## Data to process
....................

(* Let $\tau\in\mathbb{R}\setminus\mathbb{Q}$ and $\bar\varphi\in\mathbb{T}$, and put $\bar\varphi'=R_{1/2}\bar\varphi$. Then there exists a Denjoy map $f:\mathbb{T}\to\mathbb{T}$ such that: (a) $f$ is $\mathbb{Z}_2$-equivariant, i.e. $f\circ R_{1/2}=R_{1/2}\circ f$; (b) the rotation number of $f$ is $\rho(f)=\bar\tau$; (c) the minimal Cantor set $C$ of $f$ satisfies $R_{1/2}C=C$, and there is a Cantor function $\mathcal{P}$ associated to $C$ with $\mathcal{P}\circ R_{1/2}=R_{1/2}\circ\mathcal{P}$, $\mathcal{P}(A)=\{\overline{\varphi+n\tau}:n\in\mathbb{Z}\}\cup\{\overline{\varphi'+n\tau}:n\in\mathbb{Z}\}$ ($A$ the accessible set of $C$), and $\mathcal{P}\circ f=R_{\bar\tau}\circ\mathcal{P}$.
   Context: $\mathbb{T}=\mathbb{R}/\mathbb{Z}$ with points $\bar\theta=\theta+\mathbb{Z}$; $R_{\bar\eta}(\bar\theta)=\overline{\theta+\eta}$. A Denjoy map is an orientation preserving homeomorphism of $\mathbb{T}$ with irrational rotation number which is not topologically conjugate to any rotation; such a map has a unique minimal set, which is a Cantor set. A Cantor set is a compact, totally disconnected, perfect subset $C\subset\mathbb{T}$, written $C=\mathbb{T}\setminus\bigcup_{k\ge0}\dot\alpha_k$ with $\{\alpha_k\}$ pairwise disjoint closed arcs; its accessible set $A$ is the set of endpoints of all $\alpha_k$. $\bar\theta_1\sim\bar\theta_2$ means equal or in the same $\alpha_k$. A Cantor function associated to $C$ is a continuous, cyclic-order-preserving map $\mathcal{P}:\mathbb{T}\to\mathbb{T}$ with $\mathcal{P}(\bar\theta_1)=\mathcal{P}(\bar\theta_2)$ iff $\bar\theta_1\sim\bar\theta_2$. A map $g:\mathbb{T}\to\mathbb{T}$ is $\mathbb{Z}_m$-equivariant if $g(\bar\theta+\tfrac1m)=g(\bar\theta)+\tfrac1m$ for all $\bar\theta$. *)

theory Defs
  imports "HOL-Analysis.Analysis"
begin

text \<open>The circle T = R/Z is modelled as the unit circle in the complex plane,
  the point theta + Z corresponding to circ theta = exp(2 pi i theta).\<close>

definition circ :: "real \<Rightarrow> complex" where
  "circ x = cis (2 * pi * x)"

definition circle :: "complex set" where
  "circle = sphere 0 1"

definition rot :: "real \<Rightarrow> complex \<Rightarrow> complex" where
  "rot \<eta> z = circ \<eta> * z"

definition lift_of :: "(real \<Rightarrow> real) \<Rightarrow> (complex \<Rightarrow> complex) \<Rightarrow> bool" where
  "lift_of F f \<longleftrightarrow> continuous_on UNIV F \<and> (\<forall>x. F (x + 1) = F x + 1)
      \<and> (\<forall>x. f (circ x) = circ (F x))"

definition orient_pres_homeo :: "(complex \<Rightarrow> complex) \<Rightarrow> bool" where
  "orient_pres_homeo f \<longleftrightarrow> (\<exists>g. homeomorphism circle circle f g)
      \<and> (\<exists>F. lift_of F f \<and> strict_mono F)"

definition rot_number :: "(complex \<Rightarrow> complex) \<Rightarrow> complex" where
  "rot_number f = (let F = (SOME F. lift_of F f \<and> strict_mono F)
                   in circ (lim (\<lambda>n. (F ^^ n) 0 / real n)))"

definition conj_to_rotation :: "(complex \<Rightarrow> complex) \<Rightarrow> bool" where
  "conj_to_rotation f \<longleftrightarrow> (\<exists>h h' \<eta>. homeomorphism circle circle h h'
      \<and> (\<forall>z\<in>circle. h (f z) = rot \<eta> (h z)))"

definition denjoy_map :: "(complex \<Rightarrow> complex) \<Rightarrow> bool" where
  "denjoy_map f \<longleftrightarrow> orient_pres_homeo f
      \<and> (\<exists>t. t \<notin> \<rat> \<and> rot_number f = circ t)
      \<and> \<not> conj_to_rotation f"

definition minimal_set :: "(complex \<Rightarrow> complex) \<Rightarrow> complex set \<Rightarrow> bool" where
  "minimal_set f C \<longleftrightarrow> C \<noteq> {} \<and> C \<subseteq> circle \<and> closed C \<and> f ` C \<subseteq> C
      \<and> (\<forall>K. K \<noteq> {} \<and> closed K \<and> K \<subseteq> C \<and> f ` K \<subseteq> K \<longrightarrow> K = C)"

definition cantor_set :: "complex set \<Rightarrow> bool" where
  "cantor_set C \<longleftrightarrow> C \<subseteq> circle \<and> compact C
      \<and> (\<forall>K. K \<subseteq> C \<and> connected K \<longrightarrow> (\<exists>a. K \<subseteq> {a}))
      \<and> (\<forall>x\<in>C. x islimpt C)"

text \<open>Accessible set: endpoints of the complementary gaps (points of C which are
  isolated from one side).\<close>
definition accessible :: "complex set \<Rightarrow> complex set" where
  "accessible C = {z \<in> C. \<exists>a \<epsilon>. circ a = z \<and> \<epsilon> > 0 \<and>
      (circ ` {a<..<a+\<epsilon>} \<inter> C = {} \<or> circ ` {a-\<epsilon><..<a} \<inter> C = {})}"

definition gap_arc :: "complex set \<Rightarrow> complex \<Rightarrow> complex \<Rightarrow> bool" where
  "gap_arc C z w \<longleftrightarrow> (\<exists>a b. circ a = z \<and> circ b = w \<and> a < b \<and> circ ` {a<..<b} \<inter> C = {})"

text \<open>z ~ w: equal or in the same complementary closed arc alpha_k.\<close>
definition sim_C :: "complex set \<Rightarrow> complex \<Rightarrow> complex \<Rightarrow> bool" where
  "sim_C C z w \<longleftrightarrow> z = w \<or> gap_arc C z w \<or> gap_arc C w z"

definition cyclic_order_preserving :: "(complex \<Rightarrow> complex) \<Rightarrow> bool" where
  "cyclic_order_preserving P \<longleftrightarrow> (\<exists>\<Phi>. mono \<Phi> \<and> (\<forall>x. \<Phi> (x + 1) = \<Phi> x + 1)
      \<and> (\<forall>x. P (circ x) = circ (\<Phi> x)))"

definition cantor_function :: "complex set \<Rightarrow> (complex \<Rightarrow> complex) \<Rightarrow> bool" where
  "cantor_function C P \<longleftrightarrow> continuous_on circle P \<and> P ` circle \<subseteq> circle
      \<and> cyclic_order_preserving P
      \<and> (\<forall>z\<in>circle. \<forall>w\<in>circle. P z = P w \<longleftrightarrow> sim_C C z w)"

end

theory Submission
  imports Defs "HOL-Library.Real_Mod"
begin

(* The Denjoy map is obtained by the classical blow-up of the irrational
   rotation R_tau along the countable set M = {phi + n tau + m/2}, the lift to the real line of
   the two orbits of phi and phi' = phi + 1/2; M is invariant under y |-> y + tau and
   y |-> y + 1/2.  Suppose every real y is replaced by a closed interval (its fibre)
   [G y, G y + J y] such that the fibres are ordered like their indices, cover the line, are
   non-degenerate exactly for y in M, and are equivariant under translation by 1/2 (locale
   denjoy_blowup).  Collapsing each fibre to its index gives a monotone degree-one map Phi, and
   mapping the fibre of y affinely onto the fibre of y + tau gives an increasing lift F with
   Phi o F = Phi + tau.  On the circle F induces the Denjoy map f, Phi the Cantor function P,
   and the points outside the open fibres form the minimal Cantor set C. *)

section \<open>The circle and its lifts\<close>

lemma circ_add: "circ (x + y) = circ x * circ y"
  by (simp add: circ_def cis_mult distrib_left)

lemma norm_circ [simp]: "norm (circ x) = 1"
  by (simp add: circ_def)

lemma circ_in_circle [simp]: "circ x \<in> circle"
  by (simp add: circle_def)

lemma circ_half: "circ (1/2) = -1"
  by (simp add: circ_def)

lemma circ_eq_1_iff: "circ t = 1 \<longleftrightarrow> t \<in> \<int>"
proof -
  have "circ t = 1 \<longleftrightarrow> (\<exists>n::int. t = of_int n)"
    unfolding circ_def cis_eq_1_iff by (auto simp: field_simps)
  then show ?thesis by (auto elim: Ints_cases)
qed

lemma circ_eq_iff: "circ x = circ y \<longleftrightarrow> x - y \<in> \<int>"
proof -
  have "circ x = circ (x - y) * circ y" by (metis circ_add diff_add_cancel)
  moreover have "circ y \<noteq> 0" using norm_circ[of y] by (auto simp del: norm_circ)
  ultimately have "circ x = circ y \<longleftrightarrow> circ (x - y) = 1" by auto
  then show ?thesis by (simp add: circ_eq_1_iff)
qed

lemma circle_Arg: "z \<in> circle \<Longrightarrow> circ (Arg z / (2*pi)) = z"
proof -
  assume "z \<in> circle"
  then have n: "norm z = 1" by (simp add: circle_def)
  then have "z \<noteq> 0" by auto
  then have "circ (Arg z / (2*pi)) = sgn z" by (simp add: circ_def cis_Arg)
  then show ?thesis using n by (simp add: sgn_div_norm)
qed

lemma circle_obtain: "z \<in> circle \<Longrightarrow> \<exists>x. z = circ x"
  using circle_Arg by metis

lemma continuous_circ: "continuous_on A circ"
  unfolding circ_def by (intro continuous_intros)

lemma circ_near:
  assumes "e > 0" shows "\<exists>\<delta>>0. \<forall>x. \<bar>x - c\<bar> < \<delta> \<longrightarrow> dist (circ x) (circ c) < e"
proof -
  have "isCont circ c" using continuous_circ[of UNIV] continuous_on_eq_continuous_at by blast
  then show ?thesis using assms unfolding continuous_at_eps_delta dist_real_def by blast
qed

lemma rot_circ: "rot a (circ x) = circ (x + a)"
  by (simp add: rot_def circ_add mult.commute)

lemma int_periodic:
  fixes h :: "real \<Rightarrow> 'a"
  assumes "\<And>x. h (x + 1) = h x"
  shows "h (x + of_int m) = h x"
proof -
  have nat: "h (y + of_nat n) = h y" for y n
  proof (induction n)
    case (Suc n)
    have "y + of_nat (Suc n) = (y + of_nat n) + 1" by simp
    then show ?case using Suc.IH assms by metis
  qed simp
  show ?thesis
  proof (cases "m \<ge> 0")
    case True
    then show ?thesis using nat[of x "nat m"] by simp
  next
    case False
    then have "x = (x + of_int m) + of_nat (nat (- m))" by simp
    then show ?thesis using nat[of "x + of_int m" "nat (- m)"] by metis
  qed
qed

lemma lift_int:
  fixes \<Psi> :: "real \<Rightarrow> real"
  assumes "\<And>x. \<Psi> (x + 1) = \<Psi> x + (1::real)"
  shows "\<Psi> (x + of_int m) = \<Psi> x + of_int m"
  using int_periodic[of "\<lambda>x. \<Psi> x - x" x m] assms by (simp add: algebra_simps)

lemma lift_Ints:
  fixes \<Psi> :: "real \<Rightarrow> real"
  assumes "\<And>x. \<Psi> (x + 1) = \<Psi> x + (1::real)" "k \<in> \<int>"
  shows "\<Psi> (x + k) = \<Psi> x + k"
  using assms(2) lift_int[of \<Psi>, OF assms(1)] by (auto elim!: Ints_cases)

lemma circ_lift_wd:
  fixes \<Psi> :: "real \<Rightarrow> real"
  assumes "\<And>x. \<Psi> (x + 1) = \<Psi> x + (1::real)" "circ a = circ b"
  shows "circ (\<Psi> a) = circ (\<Psi> b)"
proof -
  have "a - b \<in> \<int>" using assms(2) circ_eq_iff by blast
  then have "\<Psi> (b + (a - b)) = \<Psi> b + (a - b)" by (rule lift_Ints[of \<Psi>, OF assms(1)])
  then have "\<Psi> a - \<Psi> b \<in> \<int>" using \<open>a - b \<in> \<int>\<close> by simp
  then show ?thesis using circ_eq_iff by blast
qed

definition induced :: "(real \<Rightarrow> real) \<Rightarrow> complex \<Rightarrow> complex" where
  "induced \<Psi> z = circ (\<Psi> (Arg z / (2*pi)))"

lemma induced_circ:
  fixes \<Psi> :: "real \<Rightarrow> real"
  assumes "\<And>x. \<Psi> (x + 1) = \<Psi> x + (1::real)"
  shows "induced \<Psi> (circ x) = circ (\<Psi> x)"
  unfolding induced_def by (rule circ_lift_wd[of \<Psi>, OF assms]) (simp add: circle_Arg)

lemma induced_in_circle [simp]: "induced \<Psi> z \<in> circle"
  by (simp add: induced_def)

text \<open>A continuous inverse of \<open>circ\<close> on the circle slit at \<open>circ p\<close>, with values in
  \<open>]p, p+1[\<close>: the local charts of the circle.\<close>
definition lift_from :: "real \<Rightarrow> complex \<Rightarrow> real" where
  "lift_from p z = p + 1/2 + Arg (z * circ (1/2 - p)) / (2*pi)"

lemma circle_lift_from:
  assumes "z \<in> circle" "z \<noteq> circ p"
  shows "\<exists>x. p < x \<and> x < p + 1 \<and> z = circ x"
proof -
  obtain y where y: "z = circ y" using circle_obtain assms(1) by blast
  define x where "x = y - of_int \<lfloor>y - p\<rfloor>"
  have x1: "p \<le> x" "x < p + 1" unfolding x_def by linarith+
  have cx: "circ x = z" unfolding x_def y by (simp add: circ_eq_iff)
  have "x \<noteq> p" using cx assms(2) by auto
  then show ?thesis using x1 cx by (intro exI[of _ x]) auto
qed

lemma lift_from_aux:
  assumes "p < x" "x < p + 1"
  shows "circ x * circ (1/2 - p) = cis (2*pi*(x - p - 1/2))"
    and "-pi < 2*pi*(x - p - 1/2)" "2*pi*(x - p - 1/2) < pi"
proof -
  have "circ x * circ (1/2 - p) = circ (x - p - 1/2 + 1)"
    by (simp add: circ_add[symmetric] algebra_simps)
  also have "\<dots> = circ (x - p - 1/2)" by (simp add: circ_eq_iff)
  finally show "circ x * circ (1/2 - p) = cis (2*pi*(x - p - 1/2))" by (simp add: circ_def)
  have a: "pi * (2*(x - p - 1/2) + 1) > 0" using assms by (intro mult_pos_pos) auto
  have b: "pi * (1 - 2*(x - p - 1/2)) > 0" using assms by (intro mult_pos_pos) auto
  show "-pi < 2*pi*(x - p - 1/2)" using a by (simp add: algebra_simps)
  show "2*pi*(x - p - 1/2) < pi" using b by (simp add: algebra_simps)
qed

lemma lift_from_circ:
  assumes "p < x" "x < p + 1"
  shows "lift_from p (circ x) = x"
proof -
  have "Arg (circ x * circ (1/2 - p)) = 2*pi*(x - p - 1/2)"
    using lift_from_aux[OF assms] by (simp add: Arg_cis)
  then show ?thesis unfolding lift_from_def by simp
qed

lemma circ_lift_from:
  assumes "z \<in> circle" "z \<noteq> circ p"
  shows "circ (lift_from p z) = z"
  using circle_lift_from[OF assms] lift_from_circ by auto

....................

## Task description
Please show every line above that includes the word "rule".

## Response
  then have "\<Psi> (b + (a - b)) = \<Psi> b + (a - b)" by (rule lift_Ints[of \<Psi>, OF assms(1)])
  unfolding induced_def by (rule circ_lift_wd[of \<Psi>, OF assms]) (simp add: circle_Arg)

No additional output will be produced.